• _Provided information_
(* Let $(\mathcal{A},\mathcal{E})$ be an exact category and let $X\xrightarrow{f}Y\xrightarrow{g}Z$ be a short exact sequence in $\mathcal{E}$ whose three objects are $\mathcal{E}$-finite. Then $l_\mathcal{E}(Y)\ge l_\mathcal{E}(X)+l_\mathcal{E}(Z)$.
   Context: $(\mathcal{A},\mathcal{E})$ is a Quillen exact category; admissible monics are morphisms $i$ with $(i,d)\in\mathcal{E}$ for some $d$. The $\mathcal{E}$-length $l_\mathcal{E}(X)\in\mathbb{N}\cup\{\infty\}$ is the supremum of all $n$ such that there is a chain $0=X_0\to X_1\to\cdots\to X_n=X$ of admissible monics none of which is an isomorphism; $X$ is $\mathcal{E}$-finite if $l_\mathcal{E}(X)<\infty$. *)

theory Defs
  imports "HOL-Library.Extended_Nat"
begin

text \<open>A category with additive structure on hom-sets, presented as a record.
  Comp g f denotes the composite g after f (defined when Cod f = Dom g).\<close>

record ('o, 'm) addcat =
  Obj  :: "'o set"
  Mor  :: "'m set"
  Dom  :: "'m \<Rightarrow> 'o"
  Cod  :: "'m \<Rightarrow> 'o"
  Id   :: "'o \<Rightarrow> 'm"
  Comp :: "'m \<Rightarrow> 'm \<Rightarrow> 'm"
  Add  :: "'m \<Rightarrow> 'm \<Rightarrow> 'm"
  Neg  :: "'m \<Rightarrow> 'm"
  Zm   :: "'o \<Rightarrow> 'o \<Rightarrow> 'm"

definition hom :: "('o, 'm, 'x) addcat_scheme \<Rightarrow> 'o \<Rightarrow> 'o \<Rightarrow> 'm set" where
  "hom C a b = {f \<in> Mor C. Dom C f = a \<and> Cod C f = b}"

definition category :: "('o, 'm, 'x) addcat_scheme \<Rightarrow> bool" where
  "category C \<longleftrightarrow>
     (\<forall>f \<in> Mor C. Dom C f \<in> Obj C \<and> Cod C f \<in> Obj C) \<and>
     (\<forall>a \<in> Obj C. Id C a \<in> hom C a a) \<and>
     (\<forall>f \<in> Mor C. \<forall>g \<in> Mor C. Cod C f = Dom C g \<longrightarrow>
         Comp C g f \<in> hom C (Dom C f) (Cod C g)) \<and>
     (\<forall>f \<in> Mor C. Comp C f (Id C (Dom C f)) = f \<and> Comp C (Id C (Cod C f)) f = f) \<and>
     (\<forall>f \<in> Mor C. \<forall>g \<in> Mor C. \<forall>h \<in> Mor C. Cod C f = Dom C g \<longrightarrow> Cod C g = Dom C h \<longrightarrow>
         Comp C h (Comp C g f) = Comp C (Comp C h g) f)"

• _Required action_
Find the word "Comp" in the entries above and gather every line that holds it.

• _Response to the task_
  Comp g f denotes the composite g after f (defined when Cod f = Dom g).\<close>
  Comp :: "'m \<Rightarrow> 'm \<Rightarrow> 'm"
         Comp C g f \<in> hom C (Dom C f) (Cod C g)) \<and>
     (\<forall>f \<in> Mor C. Comp C f (Id C (Dom C f)) = f \<and> Comp C (Id C (Cod C f)) f = f) \<and>
         Comp C h (Comp C g f) = Comp C (Comp C h g) f)"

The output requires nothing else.